= Work instruction =
Beginning with the line below that contains "using False by (auto" and ending with the line that contains "by (auto simp: states_2_eq", copy every line exactly. Copy nothing else.

START Recorded data

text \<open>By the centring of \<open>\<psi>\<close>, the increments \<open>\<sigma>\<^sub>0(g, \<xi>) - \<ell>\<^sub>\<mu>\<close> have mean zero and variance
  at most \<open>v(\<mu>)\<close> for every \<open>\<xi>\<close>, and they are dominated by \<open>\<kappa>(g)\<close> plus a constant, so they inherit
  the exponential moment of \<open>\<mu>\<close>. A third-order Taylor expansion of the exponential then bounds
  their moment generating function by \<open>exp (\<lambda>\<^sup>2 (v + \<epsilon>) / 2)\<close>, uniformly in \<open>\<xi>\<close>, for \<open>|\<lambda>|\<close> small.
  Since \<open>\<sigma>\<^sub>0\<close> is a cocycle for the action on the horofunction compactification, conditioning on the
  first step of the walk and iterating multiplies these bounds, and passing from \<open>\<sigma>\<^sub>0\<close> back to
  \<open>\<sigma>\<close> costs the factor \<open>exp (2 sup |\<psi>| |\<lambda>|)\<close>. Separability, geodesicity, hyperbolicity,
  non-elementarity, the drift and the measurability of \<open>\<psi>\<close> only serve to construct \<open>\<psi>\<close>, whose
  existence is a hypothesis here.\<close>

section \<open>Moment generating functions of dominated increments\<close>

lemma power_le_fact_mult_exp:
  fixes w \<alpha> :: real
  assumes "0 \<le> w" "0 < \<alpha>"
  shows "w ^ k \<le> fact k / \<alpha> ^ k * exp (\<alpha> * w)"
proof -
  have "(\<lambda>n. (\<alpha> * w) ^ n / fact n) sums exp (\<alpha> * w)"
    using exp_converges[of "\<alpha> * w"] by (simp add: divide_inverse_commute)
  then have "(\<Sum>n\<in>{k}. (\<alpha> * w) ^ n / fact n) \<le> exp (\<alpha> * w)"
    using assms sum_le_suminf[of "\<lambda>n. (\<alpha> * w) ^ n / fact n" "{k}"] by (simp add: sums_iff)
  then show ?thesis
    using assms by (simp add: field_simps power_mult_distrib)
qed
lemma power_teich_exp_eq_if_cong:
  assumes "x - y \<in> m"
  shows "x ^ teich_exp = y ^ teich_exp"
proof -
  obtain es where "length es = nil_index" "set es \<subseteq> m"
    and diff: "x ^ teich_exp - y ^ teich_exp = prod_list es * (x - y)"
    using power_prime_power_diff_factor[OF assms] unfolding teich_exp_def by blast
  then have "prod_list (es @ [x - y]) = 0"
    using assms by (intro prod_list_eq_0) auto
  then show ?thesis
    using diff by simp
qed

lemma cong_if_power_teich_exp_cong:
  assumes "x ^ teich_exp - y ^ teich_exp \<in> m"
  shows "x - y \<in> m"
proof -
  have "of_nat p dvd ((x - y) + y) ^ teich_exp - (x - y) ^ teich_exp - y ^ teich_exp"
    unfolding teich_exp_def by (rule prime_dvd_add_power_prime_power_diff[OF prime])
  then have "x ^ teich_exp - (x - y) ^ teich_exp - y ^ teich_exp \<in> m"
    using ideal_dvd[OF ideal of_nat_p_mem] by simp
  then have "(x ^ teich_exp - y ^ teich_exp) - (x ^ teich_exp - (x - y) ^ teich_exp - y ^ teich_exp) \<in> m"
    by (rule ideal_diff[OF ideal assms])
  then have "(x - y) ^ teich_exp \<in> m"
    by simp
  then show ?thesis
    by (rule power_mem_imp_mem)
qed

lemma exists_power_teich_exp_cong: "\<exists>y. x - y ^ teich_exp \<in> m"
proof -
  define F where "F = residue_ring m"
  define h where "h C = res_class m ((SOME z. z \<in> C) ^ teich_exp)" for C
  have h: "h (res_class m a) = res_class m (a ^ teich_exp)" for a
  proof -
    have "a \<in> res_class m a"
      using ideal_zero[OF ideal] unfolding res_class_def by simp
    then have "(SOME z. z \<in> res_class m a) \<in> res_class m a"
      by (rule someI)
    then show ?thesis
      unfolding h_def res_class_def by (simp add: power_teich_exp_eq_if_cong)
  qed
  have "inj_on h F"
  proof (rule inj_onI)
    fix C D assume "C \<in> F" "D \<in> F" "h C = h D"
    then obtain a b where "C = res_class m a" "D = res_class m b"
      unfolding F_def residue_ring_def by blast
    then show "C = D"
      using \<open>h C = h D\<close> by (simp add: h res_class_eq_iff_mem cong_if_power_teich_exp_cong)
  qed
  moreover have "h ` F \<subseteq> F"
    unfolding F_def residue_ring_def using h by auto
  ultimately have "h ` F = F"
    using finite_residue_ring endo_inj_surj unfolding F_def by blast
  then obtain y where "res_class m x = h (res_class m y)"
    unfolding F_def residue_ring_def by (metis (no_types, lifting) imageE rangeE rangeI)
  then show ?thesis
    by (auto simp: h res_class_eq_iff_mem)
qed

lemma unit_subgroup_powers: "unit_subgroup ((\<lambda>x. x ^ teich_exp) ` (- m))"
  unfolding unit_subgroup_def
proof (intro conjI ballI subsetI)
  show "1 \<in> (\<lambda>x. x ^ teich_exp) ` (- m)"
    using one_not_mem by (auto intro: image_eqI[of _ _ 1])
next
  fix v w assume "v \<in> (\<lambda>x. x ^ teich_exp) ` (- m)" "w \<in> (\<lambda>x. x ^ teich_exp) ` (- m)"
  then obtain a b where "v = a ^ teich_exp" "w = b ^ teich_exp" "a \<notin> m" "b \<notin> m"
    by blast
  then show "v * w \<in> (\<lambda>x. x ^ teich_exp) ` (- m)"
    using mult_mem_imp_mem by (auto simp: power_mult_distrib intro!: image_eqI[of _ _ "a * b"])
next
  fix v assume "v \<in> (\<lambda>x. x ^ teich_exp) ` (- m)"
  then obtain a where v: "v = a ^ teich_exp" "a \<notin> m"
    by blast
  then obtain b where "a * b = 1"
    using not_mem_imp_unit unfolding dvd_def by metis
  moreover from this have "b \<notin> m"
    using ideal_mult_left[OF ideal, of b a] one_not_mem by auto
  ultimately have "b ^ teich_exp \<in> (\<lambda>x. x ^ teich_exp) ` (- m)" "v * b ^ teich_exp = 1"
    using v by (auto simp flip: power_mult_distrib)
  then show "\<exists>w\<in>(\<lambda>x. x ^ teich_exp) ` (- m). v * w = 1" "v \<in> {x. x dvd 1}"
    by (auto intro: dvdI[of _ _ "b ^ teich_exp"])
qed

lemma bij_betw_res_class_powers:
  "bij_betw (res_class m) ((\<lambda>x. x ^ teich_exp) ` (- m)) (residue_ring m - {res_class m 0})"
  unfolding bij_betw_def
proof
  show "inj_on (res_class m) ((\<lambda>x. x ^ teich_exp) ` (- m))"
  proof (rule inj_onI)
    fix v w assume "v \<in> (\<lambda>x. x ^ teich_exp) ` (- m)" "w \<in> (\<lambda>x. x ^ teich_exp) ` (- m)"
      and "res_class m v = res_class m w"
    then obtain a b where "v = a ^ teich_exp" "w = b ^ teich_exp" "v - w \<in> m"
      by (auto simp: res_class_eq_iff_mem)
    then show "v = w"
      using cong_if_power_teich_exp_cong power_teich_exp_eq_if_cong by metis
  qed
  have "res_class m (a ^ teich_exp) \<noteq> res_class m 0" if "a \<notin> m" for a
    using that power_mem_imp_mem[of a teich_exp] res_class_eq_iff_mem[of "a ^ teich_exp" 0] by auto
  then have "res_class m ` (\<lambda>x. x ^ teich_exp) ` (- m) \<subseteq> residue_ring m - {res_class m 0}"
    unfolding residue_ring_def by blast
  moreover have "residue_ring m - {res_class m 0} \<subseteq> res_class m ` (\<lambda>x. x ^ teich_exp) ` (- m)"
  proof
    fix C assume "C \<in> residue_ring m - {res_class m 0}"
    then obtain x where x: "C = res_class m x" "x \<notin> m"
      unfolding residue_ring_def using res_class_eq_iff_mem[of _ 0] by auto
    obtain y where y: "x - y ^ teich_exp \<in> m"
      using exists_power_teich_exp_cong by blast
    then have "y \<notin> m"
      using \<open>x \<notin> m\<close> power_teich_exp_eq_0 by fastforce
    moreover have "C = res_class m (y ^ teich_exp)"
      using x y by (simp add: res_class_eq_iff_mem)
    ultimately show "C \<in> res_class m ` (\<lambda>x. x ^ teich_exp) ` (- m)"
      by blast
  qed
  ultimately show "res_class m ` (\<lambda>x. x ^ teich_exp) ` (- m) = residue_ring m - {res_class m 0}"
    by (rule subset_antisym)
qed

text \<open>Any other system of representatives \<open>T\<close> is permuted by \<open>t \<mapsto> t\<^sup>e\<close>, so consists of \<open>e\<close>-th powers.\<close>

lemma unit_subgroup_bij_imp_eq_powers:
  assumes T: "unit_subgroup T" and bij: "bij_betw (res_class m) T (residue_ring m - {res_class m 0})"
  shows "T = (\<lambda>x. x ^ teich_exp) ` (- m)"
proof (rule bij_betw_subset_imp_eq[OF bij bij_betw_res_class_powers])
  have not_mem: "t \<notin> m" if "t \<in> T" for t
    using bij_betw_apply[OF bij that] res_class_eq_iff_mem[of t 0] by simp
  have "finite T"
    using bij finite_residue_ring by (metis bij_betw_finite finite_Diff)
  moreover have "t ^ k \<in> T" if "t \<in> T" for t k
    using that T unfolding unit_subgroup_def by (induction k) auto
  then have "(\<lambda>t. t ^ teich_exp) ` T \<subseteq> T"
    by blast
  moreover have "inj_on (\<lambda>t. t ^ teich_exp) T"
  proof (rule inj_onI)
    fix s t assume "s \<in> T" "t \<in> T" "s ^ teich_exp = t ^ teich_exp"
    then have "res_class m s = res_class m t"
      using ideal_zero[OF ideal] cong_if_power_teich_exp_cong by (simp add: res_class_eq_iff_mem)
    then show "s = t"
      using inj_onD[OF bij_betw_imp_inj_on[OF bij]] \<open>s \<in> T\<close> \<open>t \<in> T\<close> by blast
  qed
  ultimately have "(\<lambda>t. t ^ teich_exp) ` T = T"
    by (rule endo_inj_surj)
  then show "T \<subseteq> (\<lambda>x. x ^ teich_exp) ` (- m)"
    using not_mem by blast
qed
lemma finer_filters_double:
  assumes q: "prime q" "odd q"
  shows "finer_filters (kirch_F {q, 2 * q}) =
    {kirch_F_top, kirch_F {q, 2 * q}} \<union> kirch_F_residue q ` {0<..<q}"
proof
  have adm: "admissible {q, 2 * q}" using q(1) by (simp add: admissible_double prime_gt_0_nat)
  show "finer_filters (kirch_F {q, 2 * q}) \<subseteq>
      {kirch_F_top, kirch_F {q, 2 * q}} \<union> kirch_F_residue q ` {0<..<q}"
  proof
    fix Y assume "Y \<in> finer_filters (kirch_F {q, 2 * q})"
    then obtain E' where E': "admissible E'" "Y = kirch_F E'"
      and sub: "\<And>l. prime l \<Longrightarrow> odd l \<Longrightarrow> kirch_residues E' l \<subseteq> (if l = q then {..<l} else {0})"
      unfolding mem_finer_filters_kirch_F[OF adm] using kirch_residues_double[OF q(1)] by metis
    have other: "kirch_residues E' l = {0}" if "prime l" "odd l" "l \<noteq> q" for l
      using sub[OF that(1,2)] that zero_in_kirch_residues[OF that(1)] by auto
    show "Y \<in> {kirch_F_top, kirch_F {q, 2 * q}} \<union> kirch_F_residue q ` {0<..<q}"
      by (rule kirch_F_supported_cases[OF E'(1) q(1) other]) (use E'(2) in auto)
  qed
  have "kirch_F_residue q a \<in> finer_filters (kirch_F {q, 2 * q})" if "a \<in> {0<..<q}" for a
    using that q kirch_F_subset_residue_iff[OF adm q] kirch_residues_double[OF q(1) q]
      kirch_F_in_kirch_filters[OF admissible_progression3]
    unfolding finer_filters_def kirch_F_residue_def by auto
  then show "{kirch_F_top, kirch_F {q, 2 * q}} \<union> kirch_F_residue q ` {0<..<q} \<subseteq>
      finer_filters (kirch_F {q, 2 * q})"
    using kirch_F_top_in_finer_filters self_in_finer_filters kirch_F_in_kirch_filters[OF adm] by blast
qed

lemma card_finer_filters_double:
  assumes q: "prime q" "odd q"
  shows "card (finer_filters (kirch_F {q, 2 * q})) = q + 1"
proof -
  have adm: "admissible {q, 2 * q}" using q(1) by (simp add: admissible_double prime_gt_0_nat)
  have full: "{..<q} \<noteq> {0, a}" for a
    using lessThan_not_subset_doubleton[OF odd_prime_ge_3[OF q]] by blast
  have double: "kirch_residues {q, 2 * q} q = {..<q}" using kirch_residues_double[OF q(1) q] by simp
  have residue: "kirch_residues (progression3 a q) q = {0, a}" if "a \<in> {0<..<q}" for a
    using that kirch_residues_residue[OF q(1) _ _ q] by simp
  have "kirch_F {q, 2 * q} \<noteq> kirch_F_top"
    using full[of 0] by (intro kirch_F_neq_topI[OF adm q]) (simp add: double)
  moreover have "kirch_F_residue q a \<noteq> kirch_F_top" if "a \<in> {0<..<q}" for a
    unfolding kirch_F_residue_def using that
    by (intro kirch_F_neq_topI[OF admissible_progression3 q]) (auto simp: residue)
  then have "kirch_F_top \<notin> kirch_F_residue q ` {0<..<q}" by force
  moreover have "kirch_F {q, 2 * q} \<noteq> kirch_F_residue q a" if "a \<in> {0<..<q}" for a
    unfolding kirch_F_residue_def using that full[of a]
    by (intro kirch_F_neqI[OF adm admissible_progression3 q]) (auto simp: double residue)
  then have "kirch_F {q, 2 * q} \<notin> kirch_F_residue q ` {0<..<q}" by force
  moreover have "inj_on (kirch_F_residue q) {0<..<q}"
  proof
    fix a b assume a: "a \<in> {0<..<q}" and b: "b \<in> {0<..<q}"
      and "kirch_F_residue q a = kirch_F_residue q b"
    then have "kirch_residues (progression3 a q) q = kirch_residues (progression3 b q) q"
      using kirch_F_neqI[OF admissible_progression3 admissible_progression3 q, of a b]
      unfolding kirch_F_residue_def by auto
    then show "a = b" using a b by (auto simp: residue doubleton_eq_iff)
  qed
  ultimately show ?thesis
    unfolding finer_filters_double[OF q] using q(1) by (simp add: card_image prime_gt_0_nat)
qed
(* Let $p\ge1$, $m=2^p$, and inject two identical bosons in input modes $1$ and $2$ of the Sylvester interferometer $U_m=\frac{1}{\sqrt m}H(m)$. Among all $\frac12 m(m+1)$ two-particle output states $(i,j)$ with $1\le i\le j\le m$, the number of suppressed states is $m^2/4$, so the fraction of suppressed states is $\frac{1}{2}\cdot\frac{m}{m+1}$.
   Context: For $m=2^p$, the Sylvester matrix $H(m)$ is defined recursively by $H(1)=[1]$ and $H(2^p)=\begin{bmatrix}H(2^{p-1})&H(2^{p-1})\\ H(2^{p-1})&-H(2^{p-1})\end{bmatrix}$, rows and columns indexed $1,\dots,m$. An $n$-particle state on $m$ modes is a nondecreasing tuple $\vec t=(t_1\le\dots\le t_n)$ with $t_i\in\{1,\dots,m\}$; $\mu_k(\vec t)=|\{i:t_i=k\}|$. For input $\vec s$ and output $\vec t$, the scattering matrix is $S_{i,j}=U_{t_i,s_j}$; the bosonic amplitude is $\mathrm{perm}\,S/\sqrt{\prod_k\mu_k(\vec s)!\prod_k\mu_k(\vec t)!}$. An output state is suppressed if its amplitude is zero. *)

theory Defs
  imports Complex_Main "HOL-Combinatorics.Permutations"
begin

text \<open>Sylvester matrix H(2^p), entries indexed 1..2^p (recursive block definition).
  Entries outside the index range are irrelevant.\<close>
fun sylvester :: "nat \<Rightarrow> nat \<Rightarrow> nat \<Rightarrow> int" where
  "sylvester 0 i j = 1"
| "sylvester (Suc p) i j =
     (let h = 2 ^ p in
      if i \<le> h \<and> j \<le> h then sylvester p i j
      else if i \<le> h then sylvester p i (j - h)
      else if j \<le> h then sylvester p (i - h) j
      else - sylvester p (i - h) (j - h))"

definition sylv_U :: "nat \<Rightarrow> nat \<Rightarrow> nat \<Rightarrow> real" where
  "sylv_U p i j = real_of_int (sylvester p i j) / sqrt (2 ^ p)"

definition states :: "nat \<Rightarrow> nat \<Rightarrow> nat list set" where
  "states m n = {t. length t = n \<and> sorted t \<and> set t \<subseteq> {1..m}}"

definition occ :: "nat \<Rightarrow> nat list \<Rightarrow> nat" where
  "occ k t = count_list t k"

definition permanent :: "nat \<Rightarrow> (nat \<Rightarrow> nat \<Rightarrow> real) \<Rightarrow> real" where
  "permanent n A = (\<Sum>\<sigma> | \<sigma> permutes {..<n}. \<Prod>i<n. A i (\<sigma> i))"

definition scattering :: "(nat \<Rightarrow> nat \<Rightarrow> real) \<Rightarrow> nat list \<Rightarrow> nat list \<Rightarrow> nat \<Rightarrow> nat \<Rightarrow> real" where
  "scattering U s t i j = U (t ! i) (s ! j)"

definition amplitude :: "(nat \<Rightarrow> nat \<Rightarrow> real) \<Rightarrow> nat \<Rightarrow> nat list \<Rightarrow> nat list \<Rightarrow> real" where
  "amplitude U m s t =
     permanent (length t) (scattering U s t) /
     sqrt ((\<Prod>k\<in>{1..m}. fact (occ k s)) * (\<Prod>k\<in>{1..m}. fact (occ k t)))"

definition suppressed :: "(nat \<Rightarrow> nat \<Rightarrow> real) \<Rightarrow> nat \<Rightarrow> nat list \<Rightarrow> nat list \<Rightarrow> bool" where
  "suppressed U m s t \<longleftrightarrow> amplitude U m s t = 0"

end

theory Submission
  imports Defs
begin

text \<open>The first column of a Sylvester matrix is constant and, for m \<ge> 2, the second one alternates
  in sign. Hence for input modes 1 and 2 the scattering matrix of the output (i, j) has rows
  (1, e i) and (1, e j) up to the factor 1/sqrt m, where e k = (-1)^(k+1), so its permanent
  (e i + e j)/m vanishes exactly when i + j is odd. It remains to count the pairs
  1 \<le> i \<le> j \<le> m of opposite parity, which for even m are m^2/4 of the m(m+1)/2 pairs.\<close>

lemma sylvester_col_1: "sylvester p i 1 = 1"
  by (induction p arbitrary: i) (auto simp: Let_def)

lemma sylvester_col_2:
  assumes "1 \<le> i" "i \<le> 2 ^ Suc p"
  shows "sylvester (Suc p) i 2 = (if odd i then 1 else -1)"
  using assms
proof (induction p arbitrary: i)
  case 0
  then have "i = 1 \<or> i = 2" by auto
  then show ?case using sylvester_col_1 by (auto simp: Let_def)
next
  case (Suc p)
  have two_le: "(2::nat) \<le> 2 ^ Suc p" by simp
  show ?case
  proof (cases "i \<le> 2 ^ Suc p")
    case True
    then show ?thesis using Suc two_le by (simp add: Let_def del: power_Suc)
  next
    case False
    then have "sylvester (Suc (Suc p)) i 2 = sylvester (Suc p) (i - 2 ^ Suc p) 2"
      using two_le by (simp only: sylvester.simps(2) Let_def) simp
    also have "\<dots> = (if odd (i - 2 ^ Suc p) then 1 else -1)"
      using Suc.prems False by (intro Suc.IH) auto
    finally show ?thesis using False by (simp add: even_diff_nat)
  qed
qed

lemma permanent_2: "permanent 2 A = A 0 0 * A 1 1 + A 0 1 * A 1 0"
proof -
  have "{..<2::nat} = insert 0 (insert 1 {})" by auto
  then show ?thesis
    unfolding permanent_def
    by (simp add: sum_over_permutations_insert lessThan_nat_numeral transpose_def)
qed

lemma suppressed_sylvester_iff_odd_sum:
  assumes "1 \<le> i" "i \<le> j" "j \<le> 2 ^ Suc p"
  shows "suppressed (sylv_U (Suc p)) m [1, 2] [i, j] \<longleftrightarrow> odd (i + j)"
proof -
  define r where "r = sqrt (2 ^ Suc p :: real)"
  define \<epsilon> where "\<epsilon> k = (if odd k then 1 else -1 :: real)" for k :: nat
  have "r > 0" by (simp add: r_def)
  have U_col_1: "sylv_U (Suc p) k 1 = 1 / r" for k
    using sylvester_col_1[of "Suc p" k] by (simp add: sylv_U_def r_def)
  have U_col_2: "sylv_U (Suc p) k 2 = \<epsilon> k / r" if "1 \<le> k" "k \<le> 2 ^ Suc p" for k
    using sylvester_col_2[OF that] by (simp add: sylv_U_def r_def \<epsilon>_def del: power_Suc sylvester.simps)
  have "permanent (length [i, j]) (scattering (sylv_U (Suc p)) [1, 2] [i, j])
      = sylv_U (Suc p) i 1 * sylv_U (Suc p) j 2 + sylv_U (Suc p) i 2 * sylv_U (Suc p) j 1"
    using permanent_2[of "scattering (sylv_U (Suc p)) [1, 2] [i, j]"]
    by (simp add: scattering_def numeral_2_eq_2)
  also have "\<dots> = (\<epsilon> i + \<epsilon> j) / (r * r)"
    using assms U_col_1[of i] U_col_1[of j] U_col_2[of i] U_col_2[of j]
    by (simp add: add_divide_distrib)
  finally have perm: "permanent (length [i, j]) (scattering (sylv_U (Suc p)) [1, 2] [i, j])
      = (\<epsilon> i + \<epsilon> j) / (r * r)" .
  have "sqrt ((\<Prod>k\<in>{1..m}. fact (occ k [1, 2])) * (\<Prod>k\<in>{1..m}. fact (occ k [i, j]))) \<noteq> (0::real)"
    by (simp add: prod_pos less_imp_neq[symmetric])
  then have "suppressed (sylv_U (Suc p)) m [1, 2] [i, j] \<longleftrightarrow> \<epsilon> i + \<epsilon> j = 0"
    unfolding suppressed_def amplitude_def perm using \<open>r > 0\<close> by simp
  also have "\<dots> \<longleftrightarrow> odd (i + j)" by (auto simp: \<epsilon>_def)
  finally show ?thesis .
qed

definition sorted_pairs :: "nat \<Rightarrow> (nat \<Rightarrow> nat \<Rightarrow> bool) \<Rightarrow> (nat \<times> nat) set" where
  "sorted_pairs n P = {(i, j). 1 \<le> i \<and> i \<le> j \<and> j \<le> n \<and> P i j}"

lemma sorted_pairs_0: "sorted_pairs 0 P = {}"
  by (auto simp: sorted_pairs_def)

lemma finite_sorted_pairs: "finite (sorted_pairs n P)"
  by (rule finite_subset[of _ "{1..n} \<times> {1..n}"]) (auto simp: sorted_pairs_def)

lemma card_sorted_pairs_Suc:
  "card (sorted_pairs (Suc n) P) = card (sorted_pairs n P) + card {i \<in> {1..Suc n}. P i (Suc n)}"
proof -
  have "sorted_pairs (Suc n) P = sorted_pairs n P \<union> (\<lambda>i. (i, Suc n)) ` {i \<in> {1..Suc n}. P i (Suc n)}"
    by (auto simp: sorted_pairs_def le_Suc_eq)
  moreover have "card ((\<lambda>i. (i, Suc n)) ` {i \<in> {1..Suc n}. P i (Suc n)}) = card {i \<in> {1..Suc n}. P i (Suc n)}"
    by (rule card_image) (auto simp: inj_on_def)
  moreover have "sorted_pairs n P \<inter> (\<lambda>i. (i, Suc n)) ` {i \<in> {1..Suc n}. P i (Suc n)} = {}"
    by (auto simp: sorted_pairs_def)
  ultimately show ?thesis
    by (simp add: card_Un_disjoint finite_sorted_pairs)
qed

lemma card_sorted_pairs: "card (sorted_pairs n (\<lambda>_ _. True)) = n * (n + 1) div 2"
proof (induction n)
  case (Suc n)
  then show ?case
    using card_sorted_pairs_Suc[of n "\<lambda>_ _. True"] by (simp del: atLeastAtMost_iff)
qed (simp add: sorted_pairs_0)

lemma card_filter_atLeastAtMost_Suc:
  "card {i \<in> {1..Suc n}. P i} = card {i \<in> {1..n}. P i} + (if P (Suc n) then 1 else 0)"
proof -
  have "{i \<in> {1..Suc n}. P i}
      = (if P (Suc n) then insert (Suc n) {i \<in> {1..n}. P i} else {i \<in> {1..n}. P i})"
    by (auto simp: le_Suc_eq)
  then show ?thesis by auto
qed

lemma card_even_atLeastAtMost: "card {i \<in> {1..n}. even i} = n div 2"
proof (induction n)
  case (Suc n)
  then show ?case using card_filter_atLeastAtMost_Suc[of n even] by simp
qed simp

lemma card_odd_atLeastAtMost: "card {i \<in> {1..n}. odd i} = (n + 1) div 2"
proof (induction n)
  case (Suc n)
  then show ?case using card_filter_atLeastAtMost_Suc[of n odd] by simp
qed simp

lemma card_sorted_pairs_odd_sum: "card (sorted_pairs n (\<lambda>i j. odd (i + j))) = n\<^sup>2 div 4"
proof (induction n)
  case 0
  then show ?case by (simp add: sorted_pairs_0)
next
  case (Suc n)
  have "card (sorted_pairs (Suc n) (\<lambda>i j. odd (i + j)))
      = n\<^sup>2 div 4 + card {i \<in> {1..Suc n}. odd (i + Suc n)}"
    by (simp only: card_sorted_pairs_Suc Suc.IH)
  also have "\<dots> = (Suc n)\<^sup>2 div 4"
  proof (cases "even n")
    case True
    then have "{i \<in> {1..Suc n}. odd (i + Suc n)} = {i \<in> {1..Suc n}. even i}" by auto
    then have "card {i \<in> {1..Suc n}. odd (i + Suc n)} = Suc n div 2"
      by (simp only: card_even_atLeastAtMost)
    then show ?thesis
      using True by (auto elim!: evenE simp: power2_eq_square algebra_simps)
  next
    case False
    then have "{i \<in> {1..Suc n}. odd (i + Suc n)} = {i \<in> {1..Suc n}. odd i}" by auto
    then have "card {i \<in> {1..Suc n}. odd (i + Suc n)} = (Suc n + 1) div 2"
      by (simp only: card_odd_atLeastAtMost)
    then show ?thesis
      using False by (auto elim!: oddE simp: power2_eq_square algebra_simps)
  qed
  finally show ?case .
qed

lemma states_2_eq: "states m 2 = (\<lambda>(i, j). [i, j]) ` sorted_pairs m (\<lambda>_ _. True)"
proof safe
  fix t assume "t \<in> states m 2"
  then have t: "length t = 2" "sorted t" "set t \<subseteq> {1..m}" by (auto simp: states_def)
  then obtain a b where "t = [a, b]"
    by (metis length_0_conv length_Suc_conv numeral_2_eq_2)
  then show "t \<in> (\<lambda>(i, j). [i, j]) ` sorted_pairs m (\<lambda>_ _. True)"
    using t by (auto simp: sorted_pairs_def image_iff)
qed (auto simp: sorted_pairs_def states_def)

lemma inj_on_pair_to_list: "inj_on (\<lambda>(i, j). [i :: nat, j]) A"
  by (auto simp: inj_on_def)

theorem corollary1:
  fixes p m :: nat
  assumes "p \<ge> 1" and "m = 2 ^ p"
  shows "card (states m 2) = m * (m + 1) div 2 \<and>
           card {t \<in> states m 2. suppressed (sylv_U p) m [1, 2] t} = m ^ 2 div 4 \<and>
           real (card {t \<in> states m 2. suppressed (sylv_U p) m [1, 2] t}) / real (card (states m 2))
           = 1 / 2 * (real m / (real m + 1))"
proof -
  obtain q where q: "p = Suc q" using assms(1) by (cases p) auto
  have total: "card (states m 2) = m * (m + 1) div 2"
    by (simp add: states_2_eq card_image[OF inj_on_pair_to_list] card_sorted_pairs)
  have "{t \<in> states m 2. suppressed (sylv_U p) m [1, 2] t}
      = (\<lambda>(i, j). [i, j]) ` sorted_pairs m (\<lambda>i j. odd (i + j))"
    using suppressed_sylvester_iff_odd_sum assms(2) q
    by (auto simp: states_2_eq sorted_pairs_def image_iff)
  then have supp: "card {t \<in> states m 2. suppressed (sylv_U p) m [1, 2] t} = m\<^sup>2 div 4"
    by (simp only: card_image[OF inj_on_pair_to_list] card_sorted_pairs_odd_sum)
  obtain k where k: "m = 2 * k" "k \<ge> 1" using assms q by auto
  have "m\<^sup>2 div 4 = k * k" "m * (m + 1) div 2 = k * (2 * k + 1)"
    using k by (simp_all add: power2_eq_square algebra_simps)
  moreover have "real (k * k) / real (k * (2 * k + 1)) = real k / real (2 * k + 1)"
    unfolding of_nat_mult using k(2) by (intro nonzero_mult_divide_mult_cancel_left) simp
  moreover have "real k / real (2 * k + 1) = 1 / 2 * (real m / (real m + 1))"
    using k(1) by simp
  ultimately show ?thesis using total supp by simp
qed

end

END Recorded data

= Answer =
      using False by (auto elim!: oddE simp: power2_eq_square algebra_simps)
  qed
  finally show ?case .
qed

lemma states_2_eq: "states m 2 = (\<lambda>(i, j). [i, j]) ` sorted_pairs m (\<lambda>_ _. True)"
proof safe
  fix t assume "t \<in> states m 2"
  then have t: "length t = 2" "sorted t" "set t \<subseteq> {1..m}" by (auto simp: states_def)
  then obtain a b where "t = [a, b]"
    by (metis length_0_conv length_Suc_conv numeral_2_eq_2)
  then show "t \<in> (\<lambda>(i, j). [i, j]) ` sorted_pairs m (\<lambda>_ _. True)"
    using t by (auto simp: sorted_pairs_def image_iff)
qed (auto simp: sorted_pairs_def states_def)

lemma inj_on_pair_to_list: "inj_on (\<lambda>(i, j). [i :: nat, j]) A"
  by (auto simp: inj_on_def)

theorem corollary1:
  fixes p m :: nat
  assumes "p \<ge> 1" and "m = 2 ^ p"
  shows "card (states m 2) = m * (m + 1) div 2 \<and>
           card {t \<in> states m 2. suppressed (sylv_U p) m [1, 2] t} = m ^ 2 div 4 \<and>
           real (card {t \<in> states m 2. suppressed (sylv_U p) m [1, 2] t}) / real (card (states m 2))
           = 1 / 2 * (real m / (real m + 1))"
proof -
  obtain q where q: "p = Suc q" using assms(1) by (cases p) auto
  have total: "card (states m 2) = m * (m + 1) div 2"
    by (simp add: states_2_eq card_image[OF inj_on_pair_to_list] card_sorted_pairs)
  have "{t \<in> states m 2. suppressed (sylv_U p) m [1, 2] t}
      = (\<lambda>(i, j). [i, j]) ` sorted_pairs m (\<lambda>i j. odd (i + j))"
    using suppressed_sylvester_iff_odd_sum assms(2) q
    by (auto simp: states_2_eq sorted_pairs_def image_iff)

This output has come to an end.